The more active you are the more lipids you need but don’t overdo it! Training for a marathon does give you that extra luxury to be able to take in more fats than those who don’t exercise intensely, just don’t go overboard.
Remember, the healthier the choices are that you make, the better your performance and the quality of your workouts will be. Lipids tend to make you feel tired and sluggish, not what any runner is looking for.
Saturated fats are the lipids that you should avoid.
They are responsible for the cholesterol and blocked arteries and don’t do anything to enhance your total health.
However these lipids are necessary in small amounts and can be taken in easily through cheese, meats and butter. Saturated fats usually count for about 70% of all our fat intake. That only leaves 30% for the bad fats and that is on the high end of the scale!
Increases your total cholesterol, increases your LDL (low density lipid) cholesterol, and decreases you HDL (high density lipid or good cholesterol) cholesterol.
Here are a few quick and easy tips to reduce the intake of bad, processed fats in your diet:
Unsaturated fats are made up of monounsaturated and polyunsaturated lipids.

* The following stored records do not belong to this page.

(* Let $\Sigma$ be an alphabet, let $\tau \in \mathcal{T}(\Sigma)$, let $t, t' \in \mathcal{T}(\Sigma)$, and let $a_1 \neq a_2$ be two letters of $\Sigma$. If $\sigma_{a_i}^{\tau}(t) = \sigma_{a_i}^{\tau}(t')$ for $i = 1, 2$, then $t = t'$.
   Context: Let $\Sigma$ be an alphabet not containing $0,1$. A binary tree over $\Sigma$ is a finite set $t \subseteq \{0,1\}^*\Sigma$ such that for any $ua, vb \in t$ with $ua \neq vb$, $u$ is not a prefix of $v$ and $v$ is not a prefix of $u$; $\mathcal{T}(\Sigma)$ is the set of such trees, $\mathbf 0=\emptyset$, and each letter $a$ is identified with the tree $\{a\}$. The operation is $t\star t' = 0.t\cup 1.t'$. Every map $h\colon\Sigma\to\mathcal{T}(\Sigma)$ extends uniquely to an endomorphism of $\langle\mathcal{T}(\Sigma),\star\rangle$ (a map $h$ with $h(t\star t')=h(t)\star h(t')$; it satisfies $h(\mathbf 0)=\mathbf 0$). For $a\in\Sigma$ and $\tau\in\mathcal{T}(\Sigma)$, the grafting $\sigma_a^{\tau}$ is the endomorphism with $\sigma_a^\tau(a)=\tau$ and $\sigma_a^\tau(b)=b$ for $b\in\Sigma$, $b\neq a$. *)

theory Defs
  imports "HOL-Library.Sublist"
begin

text \<open>Words of {0,1}^* Sigma are represented as pairs (u, a) with u a bool list
  (False = 0, True = 1) and a a letter of the alphabet, i.e. an element of type 'a.\<close>

type_synonym 'a bword = "bool list \<times> 'a"

definition is_btree :: "'a bword set \<Rightarrow> bool" where
  "is_btree t \<longleftrightarrow> finite t \<and>
     (\<forall>u a v b. (u, a) \<in> t \<longrightarrow> (v, b) \<in> t \<longrightarrow> (u, a) \<noteq> (v, b) \<longrightarrow>
        \<not> prefix u v \<and> \<not> prefix v u)"

definition btrees :: "'a bword set set" where
  "btrees = {t. is_btree t}"

definition letter :: "'a \<Rightarrow> 'a bword set" where
  "letter a = {([], a)}"

definition bstar :: "'a bword set \<Rightarrow> 'a bword set \<Rightarrow> 'a bword set" where
  "bstar t t' = {(False # u, a) | u a. (u, a) \<in> t} \<union> {(True # u, a) | u a. (u, a) \<in> t'}"

text \<open>The unique endomorphism extending h : Sigma -> T(Sigma): every leaf a at
  address u is replaced by the tree h a grafted at u.\<close>
definition extend :: "('a \<Rightarrow> 'a bword set) \<Rightarrow> 'a bword set \<Rightarrow> 'a bword set" where
  "extend h t = {(u @ v, b) | u a v b. (u, a) \<in> t \<and> (v, b) \<in> h a}"

definition graft :: "'a \<Rightarrow> 'a bword set \<Rightarrow> 'a bword set \<Rightarrow> 'a bword set" where
  "graft a \<tau> = extend (\<lambda>b. if b = a then \<tau> else letter b)"

lemma extend_letter: "extend h (letter a) = h a"
  by (auto simp: extend_def letter_def)

lemma extend_empty: "extend h {} = {}"
  by (simp add: extend_def)

end

theory Submission
  imports Defs
begin

text \<open>A leaf \<open>(u, b)\<close> of \<open>t\<close> with \<open>b \<noteq> a\<^sub>1\<close> survives the grafting at \<open>a\<^sub>1\<close>. If it were not
  a leaf of \<open>t'\<close>, it would stem from a leaf \<open>(u', a\<^sub>1)\<close> of \<open>t'\<close> with \<open>u'\<close> a prefix of \<open>u\<close>.
  That leaf survives the grafting at \<open>a\<^sub>2\<close>, so it is also produced from \<open>t\<close>; as the addresses
  in \<open>t\<close> form an antichain, this is only possible if \<open>u' = u\<close> and \<open>\<tau>\<close> is the single letter
  \<open>a\<^sub>1\<close>, contradicting \<open>b \<noteq> a\<^sub>1\<close>. Leaves labelled \<open>a\<^sub>1\<close> are handled symmetrically with the
  roles of \<open>a\<^sub>1\<close> and \<open>a\<^sub>2\<close> exchanged.\<close>

lemma mem_graft_iff:
  "(p, c) \<in> graft a \<tau> t \<longleftrightarrow>
     (p, c) \<in> t \<and> c \<noteq> a \<or> (\<exists>u v. p = u @ v \<and> (u, a) \<in> t \<and> (v, c) \<in> \<tau>)"
  by (auto simp: graft_def extend_def letter_def split: if_splits)

lemma btree_prefix_eq:
  assumes "is_btree t" "(u, a) \<in> t" "(v, b) \<in> t" "prefix u v"
  shows "u = v" "a = b"
  using assms unfolding is_btree_def by blast+

lemma leaf_mem_of_graft_eq:
  assumes tau: "is_btree \<tau>" and t: "is_btree t"
    and "a\<^sub>1 \<noteq> a\<^sub>2"
    and eq\<^sub>1: "graft a\<^sub>1 \<tau> t = graft a\<^sub>1 \<tau> t'"
    and eq\<^sub>2: "graft a\<^sub>2 \<tau> t = graft a\<^sub>2 \<tau> t'"
    and ub: "(u, b) \<in> t" and "b \<noteq> a\<^sub>1"
  shows "(u, b) \<in> t'"
proof (rule ccontr)
  assume "(u, b) \<notin> t'"
  moreover have "(u, b) \<in> graft a\<^sub>1 \<tau> t'"
    using ub \<open>b \<noteq> a\<^sub>1\<close> by (simp flip: eq\<^sub>1 add: mem_graft_iff)
  ultimately obtain u' v where u: "u = u' @ v" and "(u', a\<^sub>1) \<in> t'" and vb: "(v, b) \<in> \<tau>"
    by (auto simp: mem_graft_iff)
  then have "(u', a\<^sub>1) \<in> graft a\<^sub>2 \<tau> t"
    using \<open>a\<^sub>1 \<noteq> a\<^sub>2\<close> by (simp add: eq\<^sub>2 mem_graft_iff)
  then consider "(u', a\<^sub>1) \<in> t" | w x where "u' = w @ x" "(w, a\<^sub>2) \<in> t" "(x, a\<^sub>1) \<in> \<tau>"
    by (auto simp: mem_graft_iff)
  then show False
  proof cases
    case 1
    then show False using btree_prefix_eq(2)[OF t 1 ub] u \<open>b \<noteq> a\<^sub>1\<close> by simp
  next
    case (2 w x)
    then have "w = u" using btree_prefix_eq(1)[OF t 2(2) ub] u by simp
    with u 2(1) have "x = []" "v = []" by auto
    then show False using btree_prefix_eq(2)[OF tau 2(3) vb] \<open>b \<noteq> a\<^sub>1\<close> by simp
  qed
qed

lemma btree_subset_of_graft_eq:
  assumes "is_btree \<tau>" "is_btree t" "a\<^sub>1 \<noteq> a\<^sub>2"
    and "graft a\<^sub>1 \<tau> t = graft a\<^sub>1 \<tau> t'"
    and "graft a\<^sub>2 \<tau> t = graft a\<^sub>2 \<tau> t'"
  shows "t \<subseteq> t'"
proof
  fix p assume "p \<in> t"
  obtain u c where p: "p = (u, c)" by fastforce
  show "p \<in> t'"
  proof (cases "c = a\<^sub>1")
    case True
    then show ?thesis
      using leaf_mem_of_graft_eq[of \<tau> t a\<^sub>2 a\<^sub>1] assms \<open>p \<in> t\<close> p by auto
  next
    case False
    then show ?thesis
      using leaf_mem_of_graft_eq[of \<tau> t a\<^sub>1 a\<^sub>2] assms \<open>p \<in> t\<close> p by auto
  qed
qed

theorem mainTheorem2:
  fixes \<tau> t t' :: "'a bword set" and a1 a2 :: 'a
  assumes "\<tau> \<in> btrees" and "t \<in> btrees" and "t' \<in> btrees"
    and "a1 \<noteq> a2"
    and "graft a1 \<tau> t = graft a1 \<tau> t'"
    and "graft a2 \<tau> t = graft a2 \<tau> t'"
  shows "t = t'"
proof (rule subset_antisym)
  have "is_btree \<tau>" "is_btree t" "is_btree t'"
    using assms(1-3) by (simp_all add: btrees_def)
  then show "t \<subseteq> t'" "t' \<subseteq> t"
    using btree_subset_of_graft_eq assms(4-6) by metis+
qed

end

These are the "good kind" that are found in the oils, i.e. corn, safflower, soybean and sunflower oils.
Their benefits include:
decreasing total cholesterol, LDL (low density lipid) cholesterol and has no effet on HDL (high density lipid)-cholesterol.
Here are some great lipid sources to include in your diet:
Originally, it was believed that endurance runners could benefit from a fat-loading versus carb-loading diet before a big race.
We know now that this is not the case.
Our primary fuel source will and always will be carbohydrates (glycogen to be more specific) but we also oxidize lipids to a certain extent.
We all have an almost unlimited supply of energy from fats.
It is our largest source of potential energy. Unlike lipids, we can only store a limited amount of carbohydrates in our body, roughly around 2000 Calories worth. Because we can only store limited amounts of carbohydrates and that is our main fuel source when we run, we must supplement our body during long runs of over an hour.
This is quite different from the third macro nutrient, protein (the three macro nutrients are carbohydrates, proteins and fats) which has extremely limited if any ability to be oxidized for energy during running. It is more of a recovery and rehabilitative nutrient.
But why is it important to eat healthy lipids?
Because during running and particularly marathon running which is considered a high intensity, long duration workout, once our bodies are depleted of our main fuel source of glycogen (carbs) it will turn to our fat resources to fuel the rest of the duration of exercise and recovery.
We don't need to load up lipids because as mentioned early, we have an almost unlimited supply. We do however want to make sure that we have reserves of healthy lipids.
It all boils down to quality over quantity.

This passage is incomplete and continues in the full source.